(Saved data entries)

'''

theorem theorem3:
  fixes M :: "'a measure" and X :: "nat \<Rightarrow> 'a \<Rightarrow> real" and F :: "nat \<Rightarrow> 'a measure"
    and \<epsilon> :: "nat \<Rightarrow> 'a \<Rightarrow> real" and \<mu> \<delta> :: real and n :: nat
  assumes "prob_space M"
    and indep: "prob_space.indep_vars M (\<lambda>_. borel) X {1..}"
    and range01: "\<And>t \<omega>. t \<ge> 1 \<Longrightarrow> \<omega> \<in> space M \<Longrightarrow> X t \<omega> \<in> {0..1}"
    and mean: "\<And>t. t \<ge> 1 \<Longrightarrow> prob_space.expectation M (X t) = \<mu>"
    and sub: "\<And>t. subalgebra M (F t)"
    and incr: "\<And>s t. s \<le> t \<Longrightarrow> sets (F s) \<subseteq> sets (F t)"
    and adapted: "\<And>s t. 1 \<le> s \<Longrightarrow> s \<le> t \<Longrightarrow> X s \<in> borel_measurable (F t)"
    and future_indep: "\<And>s t. t < s \<Longrightarrow>
          prob_space.indep_set M (sets (F t)) {X s -` A \<inter> space M | A. A \<in> sets borel}"
    and eps01: "\<And>t \<omega>. t \<ge> 1 \<Longrightarrow> \<omega> \<in> space M \<Longrightarrow> \<epsilon> t \<omega> \<in> {0, 1}"
    and eps_pred: "\<And>t. t \<ge> 1 \<Longrightarrow> \<epsilon> t \<in> borel_measurable (F (t - 1))"
    and "\<delta> > 0" and "n \<ge> 2"
  shows "measure M {\<omega> \<in> space M.
            kl_ucb \<delta> (\<Sum>s=1..n. \<epsilon> s \<omega>) (\<Sum>s=1..n. \<epsilon> s \<omega> * X s \<omega>) < \<mu>}
         \<le> exp 1 * real_of_int \<lceil>\<delta> * ln (real n)\<rceil> * exp (- \<delta>)"
proof -
  interpret bandit_sampling M X F \<epsilon> \<mu>
    by (intro bandit_sampling.intro bandit_sampling_axioms.intro) (use assms in auto)
  show ?thesis using ucb_fails_bound[OF \<open>\<delta> > 0\<close> \<open>n \<ge> 2\<close>] unfolding ucb_fails_def .
qed

end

'''

**Exercise requirements:** Your reply must contain exactly the lines from the first line of the data through the line holding "prob_space.indep_set M (sets", and nothing more.

**Answer space:**
theorem theorem3:
  fixes M :: "'a measure" and X :: "nat \<Rightarrow> 'a \<Rightarrow> real" and F :: "nat \<Rightarrow> 'a measure"
    and \<epsilon> :: "nat \<Rightarrow> 'a \<Rightarrow> real" and \<mu> \<delta> :: real and n :: nat
  assumes "prob_space M"
    and indep: "prob_space.indep_vars M (\<lambda>_. borel) X {1..}"
    and range01: "\<And>t \<omega>. t \<ge> 1 \<Longrightarrow> \<omega> \<in> space M \<Longrightarrow> X t \<omega> \<in> {0..1}"
    and mean: "\<And>t. t \<ge> 1 \<Longrightarrow> prob_space.expectation M (X t) = \<mu>"
    and sub: "\<And>t. subalgebra M (F t)"
    and incr: "\<And>s t. s \<le> t \<Longrightarrow> sets (F s) \<subseteq> sets (F t)"
    and adapted: "\<And>s t. 1 \<le> s \<Longrightarrow> s \<le> t \<Longrightarrow> X s \<in> borel_measurable (F t)"
    and future_indep: "\<And>s t. t < s \<Longrightarrow>
          prob_space.indep_set M (sets (F t)) {X s -` A \<inter> space M | A. A \<in> sets borel}"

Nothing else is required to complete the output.